## ENTRIES SHOWN
________________________________________

(* Let $\mu_1$ be an LTI probability measure on $\{0,1\}^{\{0,1\}}$ and set $c_0=\mu_1(00)$, $c_1=\mu_1(11)$, $c_2=\mu_1(01)+\mu_1(10)$. If $L\ge2$ is even, $\mu_1$ has an extension to a translation invariant probability measure on $Y_L=\{0,1\}^{\mathbb{Z}_L}$. If $L\ge3$ is odd, $\mu_1$ has such an extension if and only if $c_2\le1-1/L$.
   Context: $\mathbb{Z}_L$ is the cycle of $L$ sites with translations mod $L$; an extension to $Y_L$ is a rotation-invariant probability measure on $Y_L$ whose marginal on sites $0,1$ is $\mu_1$. For $k=1$, LTI means $\mu_1(01)=\mu_1(10)$. *)

theory Defs
  imports "HOL-Probability.Probability_Mass_Function"
begin

text \<open>Configurations on the cycle Z_L = {0,...,L-1}, encoded as functions
  nat => bool that vanish outside {0..<L}.  Y_L is the set of such configurations.\<close>

definition Y :: "nat \<Rightarrow> (nat \<Rightarrow> bool) set" where
  "Y L = {x. \<forall>i\<ge>L. \<not> x i}"

definition rot :: "nat \<Rightarrow> (nat \<Rightarrow> bool) \<Rightarrow> (nat \<Rightarrow> bool)" where
  "rot L x = (\<lambda>i. if i < L then x ((i + 1) mod L) else False)"

text \<open>mu1 is a probability measure on {0,1}^{0,1}: pattern (a,b) means site 0 = a, site 1 = b
  (True = 1). LTI for k = 1 means mu1(01) = mu1(10).\<close>
definition LTI :: "(bool \<times> bool) pmf \<Rightarrow> bool" where
  "LTI \<mu>1 \<longleftrightarrow> pmf \<mu>1 (False, True) = pmf \<mu>1 (True, False)"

________________________________________

## WHAT IS BEING ASKED
The lines to copy are those above that contain "open".

## SOLUTION
text \<open>Configurations on the cycle Z_L = {0,...,L-1}, encoded as functions
text \<open>mu1 is a probability measure on {0,1}^{0,1}: pattern (a,b) means site 0 = a, site 1 = b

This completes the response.